Goal - finding team strength with regression¶
There are 3 different regression methods I can think of to find team strength:
- https://www.basketball-reference.com/blog/index6aa2.html?p=8070
- https://www.pro-football-reference.com/blog/index4837.html?p=37
- https://www.kaggle.com/raddar/paris-madness
I'm going to try method 1 and 3 in this notebook.
Method 1:¶
Our goal is to find each team's strength. One possible way to do it is to create a linear equation for each game:
\begin{equation*} Team_i - Team_j = \Delta {Score} \end{equation*}Where: \begin{equation*} \Delta {Score} = PointsScored_i - PointsScored_j \end{equation*}
$Team_i$ and $Team_j$ indicate the true strength of teams i and j respectively. Those are the variables we want to find. The $\Delta Score$ is the margin between the two team for the specific game - this is the dependent variable which we know.
It is also possible to separate the linear equation into offensive and defensive strength and thus double the number of unknowns. This is what they do in reference 1.
We need to decide how to treat home court advantage. There are 3 ways I can think of:
- Global home court advantage - this means that we add a home court advantage to each of the linear equations. This will be a global variable (i.e. not specific to a team).
- Team specific home court advantage - we add a home court variable to each team. In this case we will try and find 2 unknowns for each team (home court and true strength).
- Ignore home court advantage
Our linear equation is $\mathbf{y = Ax}$.
y is a vector of game scores: \begin{equation*} \begin{bmatrix} \Delta {Score}_1 \\ ... \\ \Delta {Score}_n \end{bmatrix} \end{equation*}
where n is the number of games played.
x is a vector of the unknown team true strength: \begin{equation*} \begin{bmatrix} Team_1 \\ ... \\ Team_m \end{bmatrix} \end{equation*}
where m is the number of teams.
The trick is how to encode A, which is an nm matrix, so we get the desired equations.
For each row we need to encode A in the following way:
\begin{equation}
A_k =
\begin{cases}
1 & \text{if i} \\
-1 & \text{if j}\\
0 & \text{otherwise}
\end{cases}
\end{equation*}
where i and j indicate teams i and j respectively and k indicates the row number.

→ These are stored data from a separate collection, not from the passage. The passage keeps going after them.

(* Let $q$ be an exponential factor. Then $\Gamma(q):=\pi_1(\mathbf B([(1,q)]))\cong\mathbb Z^{|\mathrm{Levels}(q)|}$.
   Context: Exponential factors: finite sums $q=\sum_ka_kx^k$, $a_k\in\mathbb C$, $k\in\mathbb Q_{>0}$; $\mathrm{slope}(q)$ = largest exponent with nonzero coefficient ($0$ if $q=0$); $\mathrm{ram}(q)$ = least $r\ge1$ with $q\in x^{1/r}\mathbb C[x^{1/r}]$. Galois operator $\sigma(\sum a_kx^k)=\sum a_ke^{-2\pi\sqrt{-1}k}x^k$. $\mathrm{Levels}(q)=\{\mathrm{slope}(q-\sigma^i(q)):i\in\mathbb Z\}\setminus\{0\}$. For $Q=[(1,q)]$, with $r=\mathrm{ram}(q)$, $K=\mathrm{slope}(q)$, $s=rK$: $\mathbf B(Q)=\{\mathbf a\in\mathbb C^s:\mathrm{slope}(\sigma^k(q_{\mathbf a})-\sigma^l(q_{\mathbf a}))=\mathrm{slope}(\sigma^k(q)-\sigma^l(q))\ \forall\,0\le k,l\le r\}$, where $q_{\mathbf a}=\sum_{j=1}^sa_jx^{j/r}$, with the subspace topology. *)

theory Defs
  imports "HOL-Analysis.Analysis" "HOL-Algebra.Free_Abelian_Groups"
begin

text \<open>An exponential factor q = sum a_k x^k (k in Q_{>0}) is represented by its
coefficient function rat => complex, with finite support in the positive rationals.\<close>

definition exp_factor :: "(rat \<Rightarrow> complex) \<Rightarrow> bool" where
  "exp_factor q \<longleftrightarrow> finite {k. q k \<noteq> 0} \<and> (\<forall>k. q k \<noteq> 0 \<longrightarrow> k > 0)"

definition slope :: "(rat \<Rightarrow> complex) \<Rightarrow> rat" where
  "slope q = (if {k. q k \<noteq> 0} = {} then 0 else Max {k. q k \<noteq> 0})"

text \<open>q lies in x^(1/r) C[x^(1/r)] iff every exponent with nonzero coefficient is a
positive integer multiple of 1/r.\<close>
definition ram :: "(rat \<Rightarrow> complex) \<Rightarrow> nat" where
  "ram q = (LEAST r::nat. r \<ge> 1 \<and>
      (\<forall>k. q k \<noteq> 0 \<longrightarrow> k > 0 \<and> of_nat r * k \<in> \<int>))"

definition sigma :: "(rat \<Rightarrow> complex) \<Rightarrow> (rat \<Rightarrow> complex)" where
  "sigma q = (\<lambda>k. exp (- 2 * of_real pi * \<i> * of_rat k) * q k)"

definition sigma_inv :: "(rat \<Rightarrow> complex) \<Rightarrow> (rat \<Rightarrow> complex)" where
  "sigma_inv q = (\<lambda>k. exp (2 * of_real pi * \<i> * of_rat k) * q k)"

definition sigma_int :: "int \<Rightarrow> (rat \<Rightarrow> complex) \<Rightarrow> (rat \<Rightarrow> complex)" where
  "sigma_int i = (if i \<ge> 0 then sigma ^^ nat i else sigma_inv ^^ nat (- i))"

definition Levels :: "(rat \<Rightarrow> complex) \<Rightarrow> rat set" where
  "Levels q = {slope (q - sigma_int i q) | i. True} - {0}"

text \<open>q_a = sum_{j=1}^s a_j x^(j/r); points of C^s are represented as functions
nat => complex vanishing outside {1..s} (product topology = topology of C^s).\<close>
definition q_of :: "nat \<Rightarrow> nat \<Rightarrow> (nat \<Rightarrow> complex) \<Rightarrow> (rat \<Rightarrow> complex)" where
  "q_of r s a = (\<lambda>k. \<Sum>j\<in>{1..s}. if k = of_nat j / of_nat r then a j else 0)"

definition Bset :: "(rat \<Rightarrow> complex) \<Rightarrow> (nat \<Rightarrow> complex) set" where
  "Bset q = (let r = ram q; s = nat \<lfloor>of_nat r * slope q\<rfloor> in
     {a. (\<forall>j. j \<notin> {1..s} \<longrightarrow> a j = 0) \<and>
         (\<forall>k\<le>r. \<forall>l\<le>r.
            slope ((sigma ^^ k) (q_of r s a) - (sigma ^^ l) (q_of r s a))
          = slope ((sigma ^^ k) q - (sigma ^^ l) q))})"

definition loops_at :: "'a::topological_space set \<Rightarrow> 'a \<Rightarrow> (real \<Rightarrow> 'a) set" where
  "loops_at S a = {p. path p \<and> path_image p \<subseteq> S \<and> pathstart p = a \<and> pathfinish p = a}"

definition loop_class :: "'a::topological_space set \<Rightarrow> 'a \<Rightarrow> (real \<Rightarrow> 'a) \<Rightarrow> (real \<Rightarrow> 'a) set" where
  "loop_class S a p = {q \<in> loops_at S a. homotopic_paths S p q}"

definition fundamental_group :: "'a::topological_space set \<Rightarrow> 'a \<Rightarrow> ((real \<Rightarrow> 'a) set) monoid" where
  "fundamental_group S a =
     \<lparr>carrier = loop_class S a ` loops_at S a,
      mult = (\<lambda>P Q. {r. \<exists>p\<in>P. \<exists>q\<in>Q. r \<in> loop_class S a (p +++ q)}),
      one = loop_class S a (\<lambda>_. a)\<rparr>"

end

theory Submission
  imports Defs "HOL-Complex_Analysis.Complex_Analysis"
begin

text \<open>
  Writing \<open>r = ram q\<close>, every exponent of \<open>q\<close> lies on the grid \<open>(1/r)\<nat>\<close>, and \<open>\<sigma>\<^sup>i\<close> multiplies
  the coefficient of \<open>x\<^sup>k\<close> by a root of unity that is \<open>1\<close> iff \<open>i k \<in> \<int>\<close>. Hence each condition
  defining \<open>\<B>(Q)\<close> says only which coordinates \<open>a\<^sub>j\<close> must vanish and which must not: the
  coordinate at the top exponent of \<open>q - \<sigma>\<^sup>i q\<close> must be nonzero (these exponents are exactly
  the levels of \<open>q\<close>), the coordinates above it that \<open>\<sigma>\<^sup>i\<close> moves must be zero. So \<open>\<B>(Q)\<close> is
  \<open>(\<complex>\<^sup>*)\<^sup>L \<times> \<complex>\<^sup>m \<times> {0}\<close> with \<open>|L| = |Levels q|\<close>, and the winding numbers of the \<open>L\<close>-coordinates
  identify its fundamental group with \<open>\<int>\<^sup>L\<close>.
\<close>

section \<open>Fundamental groups of coordinate strata\<close>

lemma carrier_fundamental_group:
  "carrier (fundamental_group S a) = loop_class S a ` loops_at S a"
  by (simp add: fundamental_group_def)

lemma joinpaths_in_loops_at:
  "p \<in> loops_at S a \<Longrightarrow> q \<in> loops_at S a \<Longrightarrow> p +++ q \<in> loops_at S a"
  unfolding loops_at_def using path_image_join_subset by fastforce

lemma loop_class_self: "p \<in> loops_at S a \<Longrightarrow> p \<in> loop_class S a p"
  by (auto simp: loop_class_def loops_at_def)

lemma loop_class_eq: "homotopic_paths S p q \<Longrightarrow> loop_class S a p = loop_class S a q"
  using homotopic_paths_sym homotopic_paths_trans unfolding loop_class_def by blast

lemma mult_fundamental_group_loop_class:
  assumes p: "p \<in> loops_at S a" and q: "q \<in> loops_at S a"
  shows "loop_class S a p \<otimes>\<^bsub>fundamental_group S a\<^esub> loop_class S a q = loop_class S a (p +++ q)"
proof -
  have "r \<in> loop_class S a (p +++ q)"
    if "p' \<in> loop_class S a p" "q' \<in> loop_class S a q" "r \<in> loop_class S a (p' +++ q')" for p' q' r
  proof -
    have "homotopic_paths S (p +++ q) (p' +++ q')"
      using that(1,2) p q by (intro homotopic_paths_join) (auto simp: loop_class_def loops_at_def)
    then show ?thesis using loop_class_eq that(3) by metis
  qed
  moreover have "\<exists>p'\<in>loop_class S a p. \<exists>q'\<in>loop_class S a q. r \<in> loop_class S a (p' +++ q')"
    if "r \<in> loop_class S a (p +++ q)" for r
    using loop_class_self p q that by blast
  ultimately show ?thesis unfolding fundamental_group_def by auto
qed

text \<open>Choosing a representative is harmless because \<open>W\<close> is constant on homotopy classes.\<close>

lemma fundamental_group_isomorphic_by_loop_invariant:
  assumes W_carrier: "\<And>p. p \<in> loops_at S a \<Longrightarrow> W p \<in> carrier H"
    and W_join: "\<And>p q. p \<in> loops_at S a \<Longrightarrow> q \<in> loops_at S a \<Longrightarrow> W (p +++ q) = W p \<otimes>\<^bsub>H\<^esub> W q"
    and W_eq_iff: "\<And>p q. p \<in> loops_at S a \<Longrightarrow> q \<in> loops_at S a \<Longrightarrow>
      W p = W q \<longleftrightarrow> homotopic_paths S p q"
    and W_surj: "carrier H \<subseteq> W ` loops_at S a"
  shows "fundamental_group S a \<cong> H"
proof -
  define \<Phi> where "\<Phi> P = W (SOME p. p \<in> P)" for P
  have \<Phi>_class: "\<Phi> (loop_class S a p) = W p" if p: "p \<in> loops_at S a" for p
  proof -
    let ?p = "SOME p'. p' \<in> loop_class S a p"
    have "?p \<in> loop_class S a p" using loop_class_self[OF p] by (rule someI[of "\<lambda>p'. p' \<in> loop_class S a p"])
    then have "?p \<in> loops_at S a" "homotopic_paths S ?p p"
      by (auto simp: loop_class_def homotopic_paths_sym)
    then show ?thesis unfolding \<Phi>_def using W_eq_iff p by blast
  qed
  have \<Phi>_image: "\<Phi> ` carrier (fundamental_group S a) = W ` loops_at S a"
    unfolding carrier_fundamental_group image_image using \<Phi>_class by (rule image_cong[OF refl])
  have hom: "\<Phi> \<in> hom (fundamental_group S a) H"
  proof (rule homI)
    fix x assume "x \<in> carrier (fundamental_group S a)"
    then obtain p where "p \<in> loops_at S a" "x = loop_class S a p"
      unfolding carrier_fundamental_group by blast
    then show "\<Phi> x \<in> carrier H" by (simp add: \<Phi>_class W_carrier)
  next
    fix x y assume "x \<in> carrier (fundamental_group S a)" "y \<in> carrier (fundamental_group S a)"
    then obtain p q where "p \<in> loops_at S a" "q \<in> loops_at S a"
      and "x = loop_class S a p" "y = loop_class S a q"
      unfolding carrier_fundamental_group by blast
    then show "\<Phi> (x \<otimes>\<^bsub>fundamental_group S a\<^esub> y) = \<Phi> x \<otimes>\<^bsub>H\<^esub> \<Phi> y"
      by (simp add: mult_fundamental_group_loop_class joinpaths_in_loops_at \<Phi>_class W_join)
  qed
  moreover have "inj_on \<Phi> (carrier (fundamental_group S a))"
  proof (rule inj_onI)
    fix x y assume "x \<in> carrier (fundamental_group S a)" "y \<in> carrier (fundamental_group S a)"
      and "\<Phi> x = \<Phi> y"
    then obtain p q where "p \<in> loops_at S a" "q \<in> loops_at S a" "W p = W q"
      and "x = loop_class S a p" "y = loop_class S a q"
      unfolding carrier_fundamental_group by (auto simp: \<Phi>_class)
    then show "x = y" using W_eq_iff loop_class_eq by simp
  qed
  moreover have "\<Phi> ` carrier (fundamental_group S a) = carrier H"
    using \<Phi>_image W_surj W_carrier by auto
  ultimately have "\<Phi> \<in> iso (fundamental_group S a) H"
    by (simp add: iso_def bij_betw_def)
  then show ?thesis unfolding is_iso_def by blast
qed

lemma path_coordinate: "path (p :: real \<Rightarrow> 'i \<Rightarrow> 'b::topological_space) \<Longrightarrow> path (\<lambda>t. p t j)"
  unfolding path_def by (rule continuous_on_product_then_coordinatewise)

lemma joinpaths_coordinate: "(\<lambda>t. (p +++ q) t j) = (\<lambda>t. p t j) +++ (\<lambda>t. q t j)"
  by (auto simp: joinpaths_def)

lemma homotopic_paths_coordinatewise:
  fixes p q :: "real \<Rightarrow> 'i \<Rightarrow> 'b::topological_space"
  assumes "\<And>j. homotopic_paths (S j) (\<lambda>t. p t j) (\<lambda>t. q t j)"
  shows "homotopic_paths {a. \<forall>j. a j \<in> S j} p q"
proof -
  obtain h where h: "\<And>j. continuous_on ({0..1} \<times> {0..1}) (h j) \<and> h j \<in> ({0..1} \<times> {0..1}) \<rightarrow> S j \<and>
      (\<forall>x\<in>{0..1}. h j (0, x) = p x j) \<and> (\<forall>x\<in>{0..1}. h j (1, x) = q x j) \<and>
      (\<forall>t\<in>{0..1::real}. pathstart (h j \<circ> Pair t) = pathstart (\<lambda>t. p t j) \<and>
                       pathfinish (h j \<circ> Pair t) = pathfinish (\<lambda>t. p t j))"
    using assms unfolding homotopic_paths by metis
  show ?thesis unfolding homotopic_paths
  proof (intro exI conjI)
    show "continuous_on ({0..1} \<times> {0..1}) (\<lambda>z j. h j z)"
      using h by (intro continuous_on_coordinatewise_then_product) blast
  qed (use h in \<open>auto simp: pathstart_def pathfinish_def Pi_iff\<close>)
qed

definition coordinate_stratum :: "'i set \<Rightarrow> 'i set \<Rightarrow> ('i \<Rightarrow> complex) set" where
  "coordinate_stratum Z L = {a. (\<forall>j\<in>Z. a j = 0) \<and> (\<forall>j\<in>L. a j \<noteq> 0)}"

lemma coordinate_loop_in_punctured_plane:
  assumes "p \<in> loops_at (coordinate_stratum Z L) b" "j \<in> L"
  shows "path (\<lambda>t. p t j)" "0 \<notin> path_image (\<lambda>t. p t j)"
    "pathstart (\<lambda>t. p t j) = b j" "pathfinish (\<lambda>t. p t j) = b j"
proof -
  have p: "path p" "path_image p \<subseteq> coordinate_stratum Z L" "p 0 = b" "p 1 = b"
    using assms(1) by (auto simp: loops_at_def pathstart_def pathfinish_def)
  show "path (\<lambda>t. p t j)" using p(1) by (rule path_coordinate)
  show "pathstart (\<lambda>t. p t j) = b j" "pathfinish (\<lambda>t. p t j) = b j"
    using p(3,4) by (simp_all add: pathstart_def pathfinish_def)
  show "0 \<notin> path_image (\<lambda>t. p t j)"
    using p(2) assms(2) by (auto simp: path_image_def coordinate_stratum_def)
qed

Global home court variable¶
If we want to add a global home court advantage we can update our x vector to be: \begin{equation*} \begin{bmatrix} HC \\ Team_1 \\ ... \\ Team_m \end{bmatrix} \end{equation*}
and add a (1st) column to A where each row is 1 if $Team_i$ played home, -1 if $Team_j$ played at home or 0 if the game was at a neutral location.
Method 2:¶
I'll refer you to the link for a detailed explanation.
Method 3:¶
It is very similar to method 1 but in this case we are going to use logistic regression and instead of game margin as the dependent variable we will just use a binary indicator - 1 if $Team_i$ won the game otherwise 0.
We are trying to find the same vector x as before. Our matrix A will also be identical.
To gain a better intuition about what we are trying to optimize, we can look at the resulting probability for $Team_i$ to win a matchup against $Team_j$:
\begin{equation*} p = \frac{1}{1+{e}^{-(Team_i - Team_j)}} \end{equation*}Let's look at 3 cases:
- $Team_i \gg Team_j$, the term in the exponent will be large and negative and we will get $p \approx 1$.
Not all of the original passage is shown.